United States Representative Gene Taylor

Hurricane Katrina exposed an urgent need for Congress to reform the insurance industry in order to protect property owners and taxpayers after natural disasters.

After Katrina, several insurance companies exploited the weak government oversight of insurance practices to defraud property owners and taxpayers. Companies manipulated insurance adjustments to blame flooding for many losses that should have been covered by the insurers’ own windstorm policies.  These practices helped insurers deny thousands of policyholders the coverage for which they had paid high premiums, allowed insurers to shift liability for some wind damage to the National Flood Insurance Program, and saddled federal taxpayers with billions of dollars of repair and rebuilding costs that should have been paid by insurance.

Tens of thousands of homes, businesses, schools, churches, and other buildings near the Mississippi Gulf Coast were destroyed or damaged by the combination of wind and flooding.

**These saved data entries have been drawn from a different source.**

lemma smooth_minorant_exists:
  fixes \<mu> :: real and H :: "real \<Rightarrow> real"
  assumes \<mu>: "\<mu> > 1" and H: "\<forall>t>0. H t > 0" and eta: "\<forall>t>0. eta \<mu> H t > 0"
    and int: "set_integrable lborel {1..} (\<lambda>t. (eta \<mu> H t * t) powr (-1/4))"
  obtains h where "smooth_on {0<..} h" "\<And>t. 0 < t \<Longrightarrow> 0 < h t" "\<And>t. 0 < t \<Longrightarrow> h t \<le> H t"
    "\<And>s t. 0 < s \<Longrightarrow> s \<le> t \<Longrightarrow> h s \<le> h t"
    "\<And>\<alpha> t. 0 < \<alpha> \<Longrightarrow> 2 \<le> t \<Longrightarrow> h (\<alpha> * t) \<le> exp 2 * max 1 (\<alpha>^6) * h t"
    "set_integrable lborel {1..} (\<lambda>t. (h t * t) powr (-1/4))"
proof -
  define \<nu> where "\<nu> = sqrt \<mu>"
  have \<nu>: "\<nu> > 1" and \<mu>_eq: "\<mu> = \<nu>^2"
    using \<mu> by (auto simp: \<nu>_def)
  obtain L where L_pos: "\<And>j. L j > 0" and L_le_H: "\<And>j t. \<nu>^j \<le> t \<Longrightarrow> t \<le> \<nu>^Suc j \<Longrightarrow> L j \<le> H t"
    and L_summable: "summable (\<lambda>j. (L j * \<nu>^j) powr (-1/4) * \<nu>^j)"
    using eta_block_minorant[OF \<nu> H] eta int unfolding \<mu>_eq by blast
  obtain e C where "psi_series \<nu> e C" and psi_sum_le_L: "\<And>j t. 0 \<le> t \<Longrightarrow> t \<le> \<nu>^Suc j \<Longrightarrow> psi_sum \<nu> e t \<le> L j"
    and e_summable: "summable (\<lambda>k. (e k * \<nu>^k) powr (-1/4) * \<nu>^k)"
    using psi_series_below_blocks[OF \<nu> L_pos L_summable] by blast
  interpret psi_series \<nu> e C by fact
  define L0 where "L0 m = eta \<mu> H (1 / \<nu>^m)" for m
  have L0_pos: "0 < L0 m" for m
    using eta \<nu> by (simp add: L0_def)
  obtain g n where "damping_series \<nu> g n" and g: "\<And>m. exp (- g m) * psi_sum \<nu> e 1 \<le> L0 m"
    using damping_series_exists[OF \<nu> psi_sum_pos[of 1], of L0] L0_pos by auto
  interpret damped_psi_series \<nu> e C g n
    by (intro damped_psi_series.intro psi_series_axioms \<open>damping_series \<nu> g n\<close>)
  have "damped_psi t \<le> H t" if "0 < t" for t
  proof (rule damped_psi_le[OF _ _ that])
    fix t :: real assume "1 \<le> t"
    then obtain j where "\<nu>^j \<le> t" "t \<le> \<nu>^Suc j"
      using geometric_block_exists[OF \<nu>] by blast
    then show "psi_sum \<nu> e t \<le> H t"
      using psi_sum_le_L[of t j] L_le_H[of j t] \<open>1 \<le> t\<close> by simp
  next
    fix m t assume "1 / \<nu>^Suc m \<le> t" "t \<le> 1 / \<nu>^m"
    then have "L0 m \<le> H t"
      unfolding L0_def \<mu>_eq using \<nu> by (intro eta_le_on_block[OF \<nu> H, of "1 / \<nu>^Suc m"]) auto
    then show "exp (- g m) * psi_sum \<nu> e 1 \<le> H t"
      using g[of m] by linarith
  qed
  then show ?thesis
    using that damped_psi_smooth damped_psi_pos damped_psi_mono damped_psi_scale_le
      set_integrable_damped_psi[OF e_summable] by blast
qed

The Commander Naval Oceanography and Meteorology Command (CNMOC) at the Stennis Space Center has established that coastal Mississippi suffered four hours of hurricane force winds before the storm surge. Unfortunately, in many cases, there was not enough physical evidence remaining to determine how much damage had been caused by wind before the surge.

Inland, where there was no flooding, insurance companies paid hundreds of thousands of wind damage claims totaling billions of dollars. Insurance companies paid Katrina wind claims in every county in Mississippi, every parish in Louisiana, most of Alabama, Northwest Florida, and even into Tennessee and Georgia. Yet, on the Mississippi Gulf Coast where winds were strongest, thousands of homeowners were left with uncovered losses because these companies denied their claims for wind damage.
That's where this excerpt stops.